**** SUPPLIED INFORMATION ****
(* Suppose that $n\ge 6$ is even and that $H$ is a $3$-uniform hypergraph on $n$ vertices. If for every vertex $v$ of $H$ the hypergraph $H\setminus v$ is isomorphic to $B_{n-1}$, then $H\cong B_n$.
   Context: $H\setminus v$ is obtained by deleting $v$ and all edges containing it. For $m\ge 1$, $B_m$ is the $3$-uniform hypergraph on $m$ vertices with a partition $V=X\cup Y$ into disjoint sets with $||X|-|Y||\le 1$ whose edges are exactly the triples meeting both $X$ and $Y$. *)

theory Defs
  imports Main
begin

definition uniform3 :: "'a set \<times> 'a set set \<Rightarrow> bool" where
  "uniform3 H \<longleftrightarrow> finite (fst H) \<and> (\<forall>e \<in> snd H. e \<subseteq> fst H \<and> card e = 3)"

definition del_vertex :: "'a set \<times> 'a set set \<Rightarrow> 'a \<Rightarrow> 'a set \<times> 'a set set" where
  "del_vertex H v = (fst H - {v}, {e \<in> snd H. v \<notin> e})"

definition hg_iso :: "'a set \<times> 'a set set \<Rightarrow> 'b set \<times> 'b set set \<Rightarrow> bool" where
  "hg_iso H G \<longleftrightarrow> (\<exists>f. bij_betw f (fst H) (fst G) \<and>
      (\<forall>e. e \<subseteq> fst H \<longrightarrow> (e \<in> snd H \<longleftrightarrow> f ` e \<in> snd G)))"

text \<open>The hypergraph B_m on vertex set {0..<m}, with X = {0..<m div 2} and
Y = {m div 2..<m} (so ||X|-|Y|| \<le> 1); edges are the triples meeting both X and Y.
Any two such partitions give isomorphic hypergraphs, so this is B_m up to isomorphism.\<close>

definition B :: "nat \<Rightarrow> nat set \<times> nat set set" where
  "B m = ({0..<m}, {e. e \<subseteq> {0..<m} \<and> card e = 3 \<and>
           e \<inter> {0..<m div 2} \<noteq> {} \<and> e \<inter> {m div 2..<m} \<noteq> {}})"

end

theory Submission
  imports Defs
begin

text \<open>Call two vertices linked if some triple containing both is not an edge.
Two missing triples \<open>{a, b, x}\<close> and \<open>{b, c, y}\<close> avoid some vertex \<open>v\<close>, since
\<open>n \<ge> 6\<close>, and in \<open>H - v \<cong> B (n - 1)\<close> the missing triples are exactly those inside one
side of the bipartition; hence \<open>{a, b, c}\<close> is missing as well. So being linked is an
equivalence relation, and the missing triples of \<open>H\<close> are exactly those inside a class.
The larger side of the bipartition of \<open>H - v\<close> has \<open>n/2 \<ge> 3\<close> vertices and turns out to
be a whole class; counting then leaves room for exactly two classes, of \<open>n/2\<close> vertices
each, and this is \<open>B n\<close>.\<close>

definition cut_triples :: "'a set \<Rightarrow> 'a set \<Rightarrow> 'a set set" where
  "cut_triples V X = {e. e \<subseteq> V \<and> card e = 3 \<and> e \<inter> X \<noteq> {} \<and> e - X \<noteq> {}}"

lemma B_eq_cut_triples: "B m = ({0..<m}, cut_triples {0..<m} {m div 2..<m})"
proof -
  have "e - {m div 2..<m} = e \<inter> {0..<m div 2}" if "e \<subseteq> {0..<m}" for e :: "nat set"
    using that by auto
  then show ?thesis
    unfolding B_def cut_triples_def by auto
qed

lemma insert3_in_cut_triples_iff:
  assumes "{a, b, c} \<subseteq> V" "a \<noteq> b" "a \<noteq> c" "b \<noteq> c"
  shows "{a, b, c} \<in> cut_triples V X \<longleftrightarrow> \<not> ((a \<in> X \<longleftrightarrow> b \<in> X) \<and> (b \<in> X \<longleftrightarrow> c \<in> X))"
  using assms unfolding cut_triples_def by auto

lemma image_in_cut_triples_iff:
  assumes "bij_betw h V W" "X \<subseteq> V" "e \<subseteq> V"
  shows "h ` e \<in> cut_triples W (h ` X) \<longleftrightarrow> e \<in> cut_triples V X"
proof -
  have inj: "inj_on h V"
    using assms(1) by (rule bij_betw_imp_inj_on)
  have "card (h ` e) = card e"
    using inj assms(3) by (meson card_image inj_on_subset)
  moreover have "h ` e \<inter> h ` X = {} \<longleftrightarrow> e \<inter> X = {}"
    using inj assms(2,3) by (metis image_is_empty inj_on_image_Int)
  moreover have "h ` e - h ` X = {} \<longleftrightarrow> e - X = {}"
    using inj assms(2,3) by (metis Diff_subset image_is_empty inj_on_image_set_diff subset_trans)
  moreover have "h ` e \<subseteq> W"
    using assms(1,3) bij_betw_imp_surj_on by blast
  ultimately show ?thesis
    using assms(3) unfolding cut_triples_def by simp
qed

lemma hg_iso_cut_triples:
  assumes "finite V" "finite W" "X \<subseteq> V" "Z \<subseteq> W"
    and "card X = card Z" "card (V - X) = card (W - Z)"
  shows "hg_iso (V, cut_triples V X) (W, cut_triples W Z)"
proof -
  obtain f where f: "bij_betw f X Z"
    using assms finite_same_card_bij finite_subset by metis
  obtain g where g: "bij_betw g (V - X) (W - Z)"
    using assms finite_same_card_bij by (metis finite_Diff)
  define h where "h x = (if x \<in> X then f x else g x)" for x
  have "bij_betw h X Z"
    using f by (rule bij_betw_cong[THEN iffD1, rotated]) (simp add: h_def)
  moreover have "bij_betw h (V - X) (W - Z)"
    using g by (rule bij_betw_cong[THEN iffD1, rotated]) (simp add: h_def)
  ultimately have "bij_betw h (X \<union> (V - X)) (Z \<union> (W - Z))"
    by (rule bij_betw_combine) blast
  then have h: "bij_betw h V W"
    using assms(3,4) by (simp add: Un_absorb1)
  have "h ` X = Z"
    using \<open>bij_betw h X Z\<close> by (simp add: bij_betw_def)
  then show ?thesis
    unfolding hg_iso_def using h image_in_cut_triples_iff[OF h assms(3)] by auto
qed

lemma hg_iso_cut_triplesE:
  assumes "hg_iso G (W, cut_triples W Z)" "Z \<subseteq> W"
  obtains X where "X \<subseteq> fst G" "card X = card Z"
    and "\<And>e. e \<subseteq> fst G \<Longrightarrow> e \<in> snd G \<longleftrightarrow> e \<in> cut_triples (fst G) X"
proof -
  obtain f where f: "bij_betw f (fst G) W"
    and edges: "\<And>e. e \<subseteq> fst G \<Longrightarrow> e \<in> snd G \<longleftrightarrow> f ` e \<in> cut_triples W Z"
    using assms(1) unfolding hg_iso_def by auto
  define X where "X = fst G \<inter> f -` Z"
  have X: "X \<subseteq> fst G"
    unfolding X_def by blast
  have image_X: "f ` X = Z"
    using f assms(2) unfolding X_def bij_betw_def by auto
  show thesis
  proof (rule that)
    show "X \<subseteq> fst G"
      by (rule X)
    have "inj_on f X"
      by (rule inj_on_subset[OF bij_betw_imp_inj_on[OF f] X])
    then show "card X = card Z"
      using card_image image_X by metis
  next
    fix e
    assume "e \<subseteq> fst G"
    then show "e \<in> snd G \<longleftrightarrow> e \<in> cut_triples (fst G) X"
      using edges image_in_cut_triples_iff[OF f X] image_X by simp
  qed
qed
****
◆ WHAT NEEDS TO BE DONE: Among the records above, repeat exactly the line with "text \<open>The hypergraph", the line with "set \<Rightarrow> 'a set", and every line in between, and only those.

◆ OUTPUT:
text \<open>The hypergraph B_m on vertex set {0..<m}, with X = {0..<m div 2} and
Y = {m div 2..<m} (so ||X|-|Y|| \<le> 1); edges are the triples meeting both X and Y.
Any two such partitions give isomorphic hypergraphs, so this is B_m up to isomorphism.\<close>

definition B :: "nat \<Rightarrow> nat set \<times> nat set set" where
  "B m = ({0..<m}, {e. e \<subseteq> {0..<m} \<and> card e = 3 \<and>
           e \<inter> {0..<m div 2} \<noteq> {} \<and> e \<inter> {m div 2..<m} \<noteq> {}})"

end

theory Submission
  imports Defs
begin

text \<open>Call two vertices linked if some triple containing both is not an edge.
Two missing triples \<open>{a, b, x}\<close> and \<open>{b, c, y}\<close> avoid some vertex \<open>v\<close>, since
\<open>n \<ge> 6\<close>, and in \<open>H - v \<cong> B (n - 1)\<close> the missing triples are exactly those inside one
side of the bipartition; hence \<open>{a, b, c}\<close> is missing as well. So being linked is an
equivalence relation, and the missing triples of \<open>H\<close> are exactly those inside a class.
The larger side of the bipartition of \<open>H - v\<close> has \<open>n/2 \<ge> 3\<close> vertices and turns out to
be a whole class; counting then leaves room for exactly two classes, of \<open>n/2\<close> vertices
each, and this is \<open>B n\<close>.\<close>

definition cut_triples :: "'a set \<Rightarrow> 'a set \<Rightarrow> 'a set set" where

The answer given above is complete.